### Work instruction
Below is a listing. Set down exactly the lines from the one containing "using display_list_eq_adjacent_swaps[OF lists_KD(3)[OF" through the one containing "n' B \<in> lists_K K", both ends included, and leave out the rest.

### Extracted data
^^^^^^^^^^^^^^^^

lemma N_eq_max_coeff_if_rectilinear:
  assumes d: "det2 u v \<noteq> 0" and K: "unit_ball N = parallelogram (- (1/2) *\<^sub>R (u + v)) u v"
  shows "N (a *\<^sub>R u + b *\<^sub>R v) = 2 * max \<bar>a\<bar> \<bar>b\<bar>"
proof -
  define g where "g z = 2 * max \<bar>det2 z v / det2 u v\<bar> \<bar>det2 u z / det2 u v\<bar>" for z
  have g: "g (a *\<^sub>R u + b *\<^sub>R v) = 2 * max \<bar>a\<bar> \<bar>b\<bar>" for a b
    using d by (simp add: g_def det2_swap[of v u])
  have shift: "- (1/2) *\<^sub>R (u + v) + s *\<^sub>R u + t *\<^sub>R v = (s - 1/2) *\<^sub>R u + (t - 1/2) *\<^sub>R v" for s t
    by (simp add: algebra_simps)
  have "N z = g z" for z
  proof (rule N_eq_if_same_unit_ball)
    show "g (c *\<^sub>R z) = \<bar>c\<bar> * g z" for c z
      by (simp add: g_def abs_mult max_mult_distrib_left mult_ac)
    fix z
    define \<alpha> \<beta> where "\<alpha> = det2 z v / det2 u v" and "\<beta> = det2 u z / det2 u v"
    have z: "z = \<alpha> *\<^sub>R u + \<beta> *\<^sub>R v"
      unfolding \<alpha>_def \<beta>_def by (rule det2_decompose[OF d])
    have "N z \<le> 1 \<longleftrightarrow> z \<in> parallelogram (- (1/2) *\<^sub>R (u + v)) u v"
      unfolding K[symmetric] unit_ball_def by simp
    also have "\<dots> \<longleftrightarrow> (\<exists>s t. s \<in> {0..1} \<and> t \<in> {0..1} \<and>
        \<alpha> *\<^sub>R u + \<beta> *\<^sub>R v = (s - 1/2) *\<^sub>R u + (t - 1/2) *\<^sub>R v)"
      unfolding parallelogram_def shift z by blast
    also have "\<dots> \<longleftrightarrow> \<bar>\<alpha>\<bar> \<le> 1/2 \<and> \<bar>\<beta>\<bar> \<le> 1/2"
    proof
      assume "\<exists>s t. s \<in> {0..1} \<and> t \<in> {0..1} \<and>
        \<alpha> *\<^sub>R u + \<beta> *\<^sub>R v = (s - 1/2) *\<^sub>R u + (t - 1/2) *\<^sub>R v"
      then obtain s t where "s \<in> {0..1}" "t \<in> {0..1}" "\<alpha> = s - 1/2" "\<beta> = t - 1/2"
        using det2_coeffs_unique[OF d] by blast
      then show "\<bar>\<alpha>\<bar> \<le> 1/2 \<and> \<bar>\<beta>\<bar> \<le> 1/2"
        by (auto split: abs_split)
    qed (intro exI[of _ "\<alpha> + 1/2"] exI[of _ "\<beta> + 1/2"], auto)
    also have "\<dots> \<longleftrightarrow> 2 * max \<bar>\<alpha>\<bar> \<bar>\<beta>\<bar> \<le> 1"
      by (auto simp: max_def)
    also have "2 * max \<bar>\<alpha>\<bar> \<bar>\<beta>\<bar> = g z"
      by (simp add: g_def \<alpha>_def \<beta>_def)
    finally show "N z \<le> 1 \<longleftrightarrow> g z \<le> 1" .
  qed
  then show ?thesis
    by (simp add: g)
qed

^^^^^^^^^^^^^^^^

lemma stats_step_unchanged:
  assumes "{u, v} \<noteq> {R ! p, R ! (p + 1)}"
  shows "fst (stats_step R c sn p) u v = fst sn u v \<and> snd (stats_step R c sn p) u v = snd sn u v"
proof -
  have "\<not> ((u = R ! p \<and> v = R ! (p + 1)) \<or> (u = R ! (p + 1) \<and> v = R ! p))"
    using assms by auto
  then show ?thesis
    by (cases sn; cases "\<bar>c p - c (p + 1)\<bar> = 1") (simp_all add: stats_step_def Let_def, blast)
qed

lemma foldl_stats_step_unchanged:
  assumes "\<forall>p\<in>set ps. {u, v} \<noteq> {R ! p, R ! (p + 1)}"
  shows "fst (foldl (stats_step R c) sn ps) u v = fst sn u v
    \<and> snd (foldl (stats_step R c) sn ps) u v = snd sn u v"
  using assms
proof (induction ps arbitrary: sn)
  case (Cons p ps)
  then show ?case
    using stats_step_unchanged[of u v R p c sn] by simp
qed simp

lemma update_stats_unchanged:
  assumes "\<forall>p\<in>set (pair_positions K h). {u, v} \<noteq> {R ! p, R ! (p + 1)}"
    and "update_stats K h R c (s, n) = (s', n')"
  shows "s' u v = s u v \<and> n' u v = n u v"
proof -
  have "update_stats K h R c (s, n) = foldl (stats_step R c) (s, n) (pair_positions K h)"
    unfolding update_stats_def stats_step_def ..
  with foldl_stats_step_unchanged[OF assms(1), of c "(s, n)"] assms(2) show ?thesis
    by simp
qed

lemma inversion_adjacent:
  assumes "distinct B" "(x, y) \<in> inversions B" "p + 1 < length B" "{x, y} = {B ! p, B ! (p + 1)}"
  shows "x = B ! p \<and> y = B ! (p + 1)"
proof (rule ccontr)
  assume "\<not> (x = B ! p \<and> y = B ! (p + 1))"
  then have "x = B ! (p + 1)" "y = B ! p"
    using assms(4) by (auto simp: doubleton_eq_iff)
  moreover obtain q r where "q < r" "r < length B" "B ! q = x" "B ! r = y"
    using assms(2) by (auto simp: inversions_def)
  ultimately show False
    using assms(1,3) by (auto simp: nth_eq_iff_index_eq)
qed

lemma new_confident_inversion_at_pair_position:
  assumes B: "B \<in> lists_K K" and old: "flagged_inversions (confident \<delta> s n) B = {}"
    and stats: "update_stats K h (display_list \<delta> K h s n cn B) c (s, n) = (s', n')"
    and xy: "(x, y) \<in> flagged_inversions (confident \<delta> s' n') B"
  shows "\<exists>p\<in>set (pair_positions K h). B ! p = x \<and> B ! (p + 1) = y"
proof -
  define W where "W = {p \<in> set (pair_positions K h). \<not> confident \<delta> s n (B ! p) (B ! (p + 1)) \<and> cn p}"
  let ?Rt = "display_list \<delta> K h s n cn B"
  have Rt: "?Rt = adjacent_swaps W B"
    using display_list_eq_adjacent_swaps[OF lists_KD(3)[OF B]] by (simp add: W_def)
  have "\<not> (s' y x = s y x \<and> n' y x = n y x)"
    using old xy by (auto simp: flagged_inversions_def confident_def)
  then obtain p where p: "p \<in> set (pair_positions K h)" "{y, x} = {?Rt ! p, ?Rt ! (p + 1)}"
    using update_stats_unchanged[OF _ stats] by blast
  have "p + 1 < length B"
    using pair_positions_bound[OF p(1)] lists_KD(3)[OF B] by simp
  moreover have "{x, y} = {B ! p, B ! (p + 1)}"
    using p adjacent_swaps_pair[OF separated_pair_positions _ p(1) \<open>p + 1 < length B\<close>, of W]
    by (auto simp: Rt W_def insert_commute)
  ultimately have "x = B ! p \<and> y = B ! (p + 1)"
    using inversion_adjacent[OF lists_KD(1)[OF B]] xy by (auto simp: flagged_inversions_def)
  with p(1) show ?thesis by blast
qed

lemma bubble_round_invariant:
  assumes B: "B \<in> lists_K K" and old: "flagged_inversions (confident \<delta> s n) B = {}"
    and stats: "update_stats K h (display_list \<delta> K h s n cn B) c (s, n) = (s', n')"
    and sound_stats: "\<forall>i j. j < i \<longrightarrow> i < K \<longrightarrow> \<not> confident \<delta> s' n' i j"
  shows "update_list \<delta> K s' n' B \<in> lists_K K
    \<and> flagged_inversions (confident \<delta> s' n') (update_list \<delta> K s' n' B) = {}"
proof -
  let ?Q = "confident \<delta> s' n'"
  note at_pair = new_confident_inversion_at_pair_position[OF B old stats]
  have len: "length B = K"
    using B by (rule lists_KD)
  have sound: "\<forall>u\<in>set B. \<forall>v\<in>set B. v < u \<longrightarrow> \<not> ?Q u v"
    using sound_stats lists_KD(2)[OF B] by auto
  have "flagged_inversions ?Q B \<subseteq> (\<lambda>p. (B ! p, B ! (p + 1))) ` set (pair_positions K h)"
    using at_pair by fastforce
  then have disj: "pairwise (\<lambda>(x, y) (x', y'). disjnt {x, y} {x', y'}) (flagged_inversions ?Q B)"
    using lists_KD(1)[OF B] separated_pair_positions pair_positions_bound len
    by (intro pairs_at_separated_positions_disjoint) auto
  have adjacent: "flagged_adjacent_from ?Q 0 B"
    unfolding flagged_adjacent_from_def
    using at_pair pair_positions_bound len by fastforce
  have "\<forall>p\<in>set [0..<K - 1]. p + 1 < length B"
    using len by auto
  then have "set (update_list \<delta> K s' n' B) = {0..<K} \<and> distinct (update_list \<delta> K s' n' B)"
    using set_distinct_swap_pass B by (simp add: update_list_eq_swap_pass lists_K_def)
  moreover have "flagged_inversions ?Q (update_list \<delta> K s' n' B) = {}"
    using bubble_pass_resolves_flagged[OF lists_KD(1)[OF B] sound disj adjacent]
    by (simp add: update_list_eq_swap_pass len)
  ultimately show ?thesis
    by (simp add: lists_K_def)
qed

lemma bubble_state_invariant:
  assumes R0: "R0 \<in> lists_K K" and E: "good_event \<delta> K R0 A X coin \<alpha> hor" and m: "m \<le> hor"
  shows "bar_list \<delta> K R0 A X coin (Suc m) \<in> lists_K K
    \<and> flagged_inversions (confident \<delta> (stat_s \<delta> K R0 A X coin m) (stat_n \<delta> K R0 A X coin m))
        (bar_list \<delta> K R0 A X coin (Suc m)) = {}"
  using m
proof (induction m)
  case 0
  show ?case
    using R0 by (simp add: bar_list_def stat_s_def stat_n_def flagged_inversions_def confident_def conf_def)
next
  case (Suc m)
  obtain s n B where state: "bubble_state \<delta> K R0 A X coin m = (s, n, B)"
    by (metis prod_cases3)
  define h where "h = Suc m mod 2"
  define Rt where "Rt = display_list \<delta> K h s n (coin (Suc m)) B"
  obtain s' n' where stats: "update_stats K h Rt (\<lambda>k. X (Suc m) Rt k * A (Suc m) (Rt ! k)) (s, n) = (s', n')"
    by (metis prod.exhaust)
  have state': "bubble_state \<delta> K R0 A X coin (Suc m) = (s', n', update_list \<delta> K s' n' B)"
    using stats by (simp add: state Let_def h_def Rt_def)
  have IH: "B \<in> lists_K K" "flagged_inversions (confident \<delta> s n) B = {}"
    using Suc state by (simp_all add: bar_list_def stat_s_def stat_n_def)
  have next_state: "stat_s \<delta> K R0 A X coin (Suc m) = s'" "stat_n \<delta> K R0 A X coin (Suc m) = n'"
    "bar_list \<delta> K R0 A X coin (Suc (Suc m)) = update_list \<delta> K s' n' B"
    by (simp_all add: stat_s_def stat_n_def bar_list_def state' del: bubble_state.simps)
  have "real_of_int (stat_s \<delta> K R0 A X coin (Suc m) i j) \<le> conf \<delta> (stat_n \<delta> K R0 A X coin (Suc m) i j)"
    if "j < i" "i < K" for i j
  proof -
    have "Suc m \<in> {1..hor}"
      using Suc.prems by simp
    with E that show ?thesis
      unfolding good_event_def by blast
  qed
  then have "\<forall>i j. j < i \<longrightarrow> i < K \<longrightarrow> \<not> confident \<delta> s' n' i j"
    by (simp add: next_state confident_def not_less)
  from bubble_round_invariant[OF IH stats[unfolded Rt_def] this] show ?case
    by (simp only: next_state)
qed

^^^^^^^^^^^^^^^^

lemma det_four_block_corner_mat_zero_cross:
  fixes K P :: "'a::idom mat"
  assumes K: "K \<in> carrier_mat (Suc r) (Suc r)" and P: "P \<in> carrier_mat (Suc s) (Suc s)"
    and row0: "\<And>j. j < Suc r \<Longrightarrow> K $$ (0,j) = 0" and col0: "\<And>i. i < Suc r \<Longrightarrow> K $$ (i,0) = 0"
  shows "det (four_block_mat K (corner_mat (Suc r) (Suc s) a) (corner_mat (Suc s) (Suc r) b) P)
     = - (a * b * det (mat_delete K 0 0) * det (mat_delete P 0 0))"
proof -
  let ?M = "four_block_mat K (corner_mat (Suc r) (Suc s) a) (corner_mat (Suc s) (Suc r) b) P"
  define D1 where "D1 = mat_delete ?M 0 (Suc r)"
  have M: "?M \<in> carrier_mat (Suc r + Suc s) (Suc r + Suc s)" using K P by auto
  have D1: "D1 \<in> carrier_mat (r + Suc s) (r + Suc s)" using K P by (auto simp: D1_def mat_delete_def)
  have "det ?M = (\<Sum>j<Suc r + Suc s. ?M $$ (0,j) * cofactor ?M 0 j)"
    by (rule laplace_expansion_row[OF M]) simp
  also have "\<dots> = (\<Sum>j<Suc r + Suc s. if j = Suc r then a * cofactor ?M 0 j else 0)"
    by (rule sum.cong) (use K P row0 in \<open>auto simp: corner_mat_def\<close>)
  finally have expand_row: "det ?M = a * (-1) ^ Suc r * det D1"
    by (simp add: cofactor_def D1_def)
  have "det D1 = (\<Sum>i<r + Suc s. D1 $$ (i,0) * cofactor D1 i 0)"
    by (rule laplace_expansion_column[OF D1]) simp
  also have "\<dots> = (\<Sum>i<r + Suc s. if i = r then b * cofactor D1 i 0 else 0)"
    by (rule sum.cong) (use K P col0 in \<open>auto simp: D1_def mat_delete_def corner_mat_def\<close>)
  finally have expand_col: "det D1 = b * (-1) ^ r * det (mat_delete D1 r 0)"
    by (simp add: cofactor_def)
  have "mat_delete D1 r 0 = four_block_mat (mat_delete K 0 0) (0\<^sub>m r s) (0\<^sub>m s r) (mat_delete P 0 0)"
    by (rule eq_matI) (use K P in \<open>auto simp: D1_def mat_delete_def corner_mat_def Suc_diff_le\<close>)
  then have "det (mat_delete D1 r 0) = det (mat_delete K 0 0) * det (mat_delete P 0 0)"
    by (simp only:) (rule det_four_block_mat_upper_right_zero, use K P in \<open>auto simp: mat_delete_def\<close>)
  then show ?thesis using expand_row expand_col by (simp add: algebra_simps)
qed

^^^^^^^^^^^^^^^^

### Finished exercise
    using display_list_eq_adjacent_swaps[OF lists_KD(3)[OF B]] by (simp add: W_def)
  have "\<not> (s' y x = s y x \<and> n' y x = n y x)"
    using old xy by (auto simp: flagged_inversions_def confident_def)
  then obtain p where p: "p \<in> set (pair_positions K h)" "{y, x} = {?Rt ! p, ?Rt ! (p + 1)}"
    using update_stats_unchanged[OF _ stats] by blast
  have "p + 1 < length B"
    using pair_positions_bound[OF p(1)] lists_KD(3)[OF B] by simp
  moreover have "{x, y} = {B ! p, B ! (p + 1)}"
    using p adjacent_swaps_pair[OF separated_pair_positions _ p(1) \<open>p + 1 < length B\<close>, of W]
    by (auto simp: Rt W_def insert_commute)
  ultimately have "x = B ! p \<and> y = B ! (p + 1)"
    using inversion_adjacent[OF lists_KD(1)[OF B]] xy by (auto simp: flagged_inversions_def)
  with p(1) show ?thesis by blast
qed

lemma bubble_round_invariant:
  assumes B: "B \<in> lists_K K" and old: "flagged_inversions (confident \<delta> s n) B = {}"
    and stats: "update_stats K h (display_list \<delta> K h s n cn B) c (s, n) = (s', n')"
    and sound_stats: "\<forall>i j. j < i \<longrightarrow> i < K \<longrightarrow> \<not> confident \<delta> s' n' i j"
  shows "update_list \<delta> K s' n' B \<in> lists_K K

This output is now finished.